__Provided material__:
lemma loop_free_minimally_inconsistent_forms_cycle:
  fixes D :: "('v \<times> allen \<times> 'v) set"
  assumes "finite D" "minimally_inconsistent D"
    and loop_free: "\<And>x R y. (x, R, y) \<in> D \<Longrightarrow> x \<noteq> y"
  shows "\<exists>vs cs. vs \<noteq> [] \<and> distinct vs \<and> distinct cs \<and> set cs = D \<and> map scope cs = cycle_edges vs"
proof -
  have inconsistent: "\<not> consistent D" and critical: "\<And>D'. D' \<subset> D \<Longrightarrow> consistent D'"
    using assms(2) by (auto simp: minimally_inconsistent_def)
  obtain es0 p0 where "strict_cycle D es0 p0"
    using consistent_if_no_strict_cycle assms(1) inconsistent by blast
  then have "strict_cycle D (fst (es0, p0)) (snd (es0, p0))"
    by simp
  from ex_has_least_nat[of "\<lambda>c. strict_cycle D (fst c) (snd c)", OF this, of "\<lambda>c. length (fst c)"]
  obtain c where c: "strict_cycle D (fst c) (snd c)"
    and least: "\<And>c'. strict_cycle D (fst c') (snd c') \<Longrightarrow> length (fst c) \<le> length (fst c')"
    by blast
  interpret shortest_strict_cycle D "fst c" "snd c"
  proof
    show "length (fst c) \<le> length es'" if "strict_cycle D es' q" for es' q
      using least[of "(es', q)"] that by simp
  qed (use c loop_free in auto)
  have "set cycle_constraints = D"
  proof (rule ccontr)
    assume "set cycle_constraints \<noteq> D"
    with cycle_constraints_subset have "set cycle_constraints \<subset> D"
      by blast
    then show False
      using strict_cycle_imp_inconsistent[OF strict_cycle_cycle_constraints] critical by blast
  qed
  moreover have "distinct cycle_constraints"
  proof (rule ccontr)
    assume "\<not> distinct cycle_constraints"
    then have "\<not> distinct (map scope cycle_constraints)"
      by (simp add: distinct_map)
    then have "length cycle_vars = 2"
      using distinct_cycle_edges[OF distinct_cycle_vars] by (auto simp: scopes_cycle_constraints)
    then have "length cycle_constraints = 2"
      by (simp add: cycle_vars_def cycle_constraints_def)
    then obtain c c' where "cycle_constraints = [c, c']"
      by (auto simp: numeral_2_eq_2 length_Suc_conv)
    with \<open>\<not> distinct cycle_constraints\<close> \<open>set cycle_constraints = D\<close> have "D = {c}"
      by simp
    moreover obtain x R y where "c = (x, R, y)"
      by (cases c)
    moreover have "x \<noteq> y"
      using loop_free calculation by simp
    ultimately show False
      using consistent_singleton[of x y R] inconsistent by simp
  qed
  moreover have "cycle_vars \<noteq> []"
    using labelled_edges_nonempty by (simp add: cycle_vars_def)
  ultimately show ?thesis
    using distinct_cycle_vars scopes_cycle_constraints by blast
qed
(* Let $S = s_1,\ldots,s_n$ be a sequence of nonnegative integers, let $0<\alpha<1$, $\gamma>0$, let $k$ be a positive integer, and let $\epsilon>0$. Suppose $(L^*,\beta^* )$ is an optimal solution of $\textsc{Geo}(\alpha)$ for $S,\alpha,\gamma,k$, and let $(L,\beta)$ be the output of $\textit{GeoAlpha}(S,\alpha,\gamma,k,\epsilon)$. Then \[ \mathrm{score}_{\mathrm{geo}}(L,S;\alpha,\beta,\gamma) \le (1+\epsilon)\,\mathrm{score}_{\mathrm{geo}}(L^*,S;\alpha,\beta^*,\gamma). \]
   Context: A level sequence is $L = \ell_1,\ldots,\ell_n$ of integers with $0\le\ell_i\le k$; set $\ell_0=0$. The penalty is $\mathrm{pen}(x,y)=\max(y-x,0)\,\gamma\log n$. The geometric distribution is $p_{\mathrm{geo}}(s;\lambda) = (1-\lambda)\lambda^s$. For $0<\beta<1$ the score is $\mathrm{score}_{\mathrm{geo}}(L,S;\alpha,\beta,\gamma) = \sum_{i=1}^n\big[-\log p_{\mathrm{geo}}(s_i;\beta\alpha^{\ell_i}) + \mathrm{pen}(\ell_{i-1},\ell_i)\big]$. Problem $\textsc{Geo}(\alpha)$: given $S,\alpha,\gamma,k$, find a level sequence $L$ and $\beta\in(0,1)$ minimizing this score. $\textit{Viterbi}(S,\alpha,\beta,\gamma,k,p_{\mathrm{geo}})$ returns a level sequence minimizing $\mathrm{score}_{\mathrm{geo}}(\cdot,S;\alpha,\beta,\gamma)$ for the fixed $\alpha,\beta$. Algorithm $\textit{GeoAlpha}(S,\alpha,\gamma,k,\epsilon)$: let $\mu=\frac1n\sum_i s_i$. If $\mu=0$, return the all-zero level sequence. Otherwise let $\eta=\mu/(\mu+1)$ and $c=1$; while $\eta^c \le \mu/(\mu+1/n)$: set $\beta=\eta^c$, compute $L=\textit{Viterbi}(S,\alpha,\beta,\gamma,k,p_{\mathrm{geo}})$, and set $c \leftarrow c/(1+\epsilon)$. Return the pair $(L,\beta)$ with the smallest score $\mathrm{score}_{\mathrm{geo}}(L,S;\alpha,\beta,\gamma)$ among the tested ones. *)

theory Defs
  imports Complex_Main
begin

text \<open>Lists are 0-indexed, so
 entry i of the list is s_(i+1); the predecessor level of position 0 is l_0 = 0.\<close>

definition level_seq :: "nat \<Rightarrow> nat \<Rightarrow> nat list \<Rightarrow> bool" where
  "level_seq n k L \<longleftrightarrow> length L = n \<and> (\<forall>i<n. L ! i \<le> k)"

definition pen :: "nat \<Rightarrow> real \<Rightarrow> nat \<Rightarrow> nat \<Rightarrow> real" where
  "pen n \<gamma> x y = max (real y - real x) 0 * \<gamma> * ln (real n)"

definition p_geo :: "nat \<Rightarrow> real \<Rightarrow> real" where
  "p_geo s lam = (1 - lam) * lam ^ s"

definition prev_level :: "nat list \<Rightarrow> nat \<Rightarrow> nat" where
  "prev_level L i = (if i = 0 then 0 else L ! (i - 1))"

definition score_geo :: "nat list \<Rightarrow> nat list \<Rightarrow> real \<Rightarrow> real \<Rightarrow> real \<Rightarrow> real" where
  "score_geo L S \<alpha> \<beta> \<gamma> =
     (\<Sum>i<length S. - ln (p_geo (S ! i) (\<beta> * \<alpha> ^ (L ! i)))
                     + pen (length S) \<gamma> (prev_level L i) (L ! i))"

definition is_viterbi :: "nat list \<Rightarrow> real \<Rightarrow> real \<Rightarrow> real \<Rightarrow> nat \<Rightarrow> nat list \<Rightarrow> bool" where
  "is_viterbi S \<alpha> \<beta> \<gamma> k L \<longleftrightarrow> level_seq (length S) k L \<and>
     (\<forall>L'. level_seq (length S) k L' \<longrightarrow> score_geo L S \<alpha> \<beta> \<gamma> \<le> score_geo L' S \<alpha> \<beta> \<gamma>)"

---

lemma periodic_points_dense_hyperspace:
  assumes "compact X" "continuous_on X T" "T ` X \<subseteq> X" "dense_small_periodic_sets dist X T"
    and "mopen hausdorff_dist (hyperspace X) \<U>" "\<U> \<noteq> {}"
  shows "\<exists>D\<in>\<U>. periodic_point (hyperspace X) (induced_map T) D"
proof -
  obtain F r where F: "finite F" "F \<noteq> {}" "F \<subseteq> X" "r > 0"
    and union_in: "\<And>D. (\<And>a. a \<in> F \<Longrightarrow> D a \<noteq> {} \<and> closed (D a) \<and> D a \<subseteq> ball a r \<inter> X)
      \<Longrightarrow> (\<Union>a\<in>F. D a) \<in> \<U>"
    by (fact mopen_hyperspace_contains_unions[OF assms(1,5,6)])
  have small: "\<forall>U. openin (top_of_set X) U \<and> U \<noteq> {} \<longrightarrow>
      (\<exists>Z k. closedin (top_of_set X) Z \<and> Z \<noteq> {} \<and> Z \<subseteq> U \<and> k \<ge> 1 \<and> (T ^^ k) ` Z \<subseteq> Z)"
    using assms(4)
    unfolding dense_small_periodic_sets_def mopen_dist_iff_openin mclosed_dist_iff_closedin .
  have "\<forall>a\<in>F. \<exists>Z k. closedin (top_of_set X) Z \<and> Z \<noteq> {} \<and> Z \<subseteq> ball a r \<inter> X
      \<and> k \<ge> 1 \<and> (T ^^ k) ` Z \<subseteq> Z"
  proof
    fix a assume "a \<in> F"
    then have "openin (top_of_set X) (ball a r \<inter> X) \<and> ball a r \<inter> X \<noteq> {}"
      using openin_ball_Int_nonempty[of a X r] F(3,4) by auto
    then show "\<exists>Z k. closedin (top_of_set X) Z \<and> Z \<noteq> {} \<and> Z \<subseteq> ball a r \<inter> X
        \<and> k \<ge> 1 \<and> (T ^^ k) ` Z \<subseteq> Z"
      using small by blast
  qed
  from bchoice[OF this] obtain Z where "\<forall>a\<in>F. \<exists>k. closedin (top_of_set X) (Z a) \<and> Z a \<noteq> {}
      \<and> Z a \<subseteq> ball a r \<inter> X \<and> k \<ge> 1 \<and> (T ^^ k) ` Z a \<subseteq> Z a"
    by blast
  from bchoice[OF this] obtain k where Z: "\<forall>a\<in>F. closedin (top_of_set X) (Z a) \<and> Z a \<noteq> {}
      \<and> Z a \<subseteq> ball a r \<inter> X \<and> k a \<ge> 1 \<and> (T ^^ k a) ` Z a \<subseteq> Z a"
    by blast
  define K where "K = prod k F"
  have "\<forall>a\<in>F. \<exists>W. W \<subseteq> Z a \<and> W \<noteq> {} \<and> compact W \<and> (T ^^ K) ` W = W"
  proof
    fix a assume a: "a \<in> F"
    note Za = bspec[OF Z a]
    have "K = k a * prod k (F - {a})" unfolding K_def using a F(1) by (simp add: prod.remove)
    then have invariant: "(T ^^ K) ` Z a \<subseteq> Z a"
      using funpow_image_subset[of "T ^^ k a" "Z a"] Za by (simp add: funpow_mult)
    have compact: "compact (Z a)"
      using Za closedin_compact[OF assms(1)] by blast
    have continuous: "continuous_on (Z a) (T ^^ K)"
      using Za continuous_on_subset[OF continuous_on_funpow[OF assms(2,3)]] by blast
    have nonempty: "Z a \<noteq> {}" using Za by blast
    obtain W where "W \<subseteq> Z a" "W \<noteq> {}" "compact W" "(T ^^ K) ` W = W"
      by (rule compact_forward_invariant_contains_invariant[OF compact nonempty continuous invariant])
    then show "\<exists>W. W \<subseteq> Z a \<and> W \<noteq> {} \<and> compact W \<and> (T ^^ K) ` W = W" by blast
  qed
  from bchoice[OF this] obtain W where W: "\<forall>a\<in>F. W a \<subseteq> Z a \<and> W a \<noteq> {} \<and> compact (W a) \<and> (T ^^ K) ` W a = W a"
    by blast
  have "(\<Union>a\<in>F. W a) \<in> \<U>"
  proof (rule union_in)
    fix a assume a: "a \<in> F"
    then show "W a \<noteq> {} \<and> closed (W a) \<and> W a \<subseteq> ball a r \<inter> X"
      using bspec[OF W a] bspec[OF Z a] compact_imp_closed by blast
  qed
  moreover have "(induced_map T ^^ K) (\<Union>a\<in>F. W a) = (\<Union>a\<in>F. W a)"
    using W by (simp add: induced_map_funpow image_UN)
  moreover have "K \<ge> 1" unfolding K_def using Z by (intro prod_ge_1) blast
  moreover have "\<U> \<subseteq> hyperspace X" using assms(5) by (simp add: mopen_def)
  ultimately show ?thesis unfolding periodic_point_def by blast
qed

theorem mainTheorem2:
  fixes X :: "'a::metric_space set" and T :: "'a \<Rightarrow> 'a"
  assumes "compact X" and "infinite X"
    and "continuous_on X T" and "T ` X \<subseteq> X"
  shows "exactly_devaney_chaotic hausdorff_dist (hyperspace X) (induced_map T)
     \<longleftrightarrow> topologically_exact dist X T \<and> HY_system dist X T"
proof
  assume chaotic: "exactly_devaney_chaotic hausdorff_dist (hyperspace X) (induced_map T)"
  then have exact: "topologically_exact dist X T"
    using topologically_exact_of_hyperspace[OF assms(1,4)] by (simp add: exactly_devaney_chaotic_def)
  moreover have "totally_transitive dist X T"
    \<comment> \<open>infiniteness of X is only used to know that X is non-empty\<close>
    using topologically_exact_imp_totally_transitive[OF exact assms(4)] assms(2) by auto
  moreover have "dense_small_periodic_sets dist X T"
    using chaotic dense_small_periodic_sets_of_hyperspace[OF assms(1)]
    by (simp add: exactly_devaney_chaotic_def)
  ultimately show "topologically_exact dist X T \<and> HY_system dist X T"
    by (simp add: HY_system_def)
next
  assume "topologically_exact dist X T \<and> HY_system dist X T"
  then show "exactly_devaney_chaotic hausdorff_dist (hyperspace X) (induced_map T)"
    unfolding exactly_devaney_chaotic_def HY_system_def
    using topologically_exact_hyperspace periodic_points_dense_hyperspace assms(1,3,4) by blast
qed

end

__Brief__: Where does the string "rule" appear in the records above? Return every line that holds it.

__Problem solution__:
  proof (rule ccontr)
  proof (rule ccontr)
      by (rule compact_forward_invariant_contains_invariant[OF compact nonempty continuous invariant])
  proof (rule union_in)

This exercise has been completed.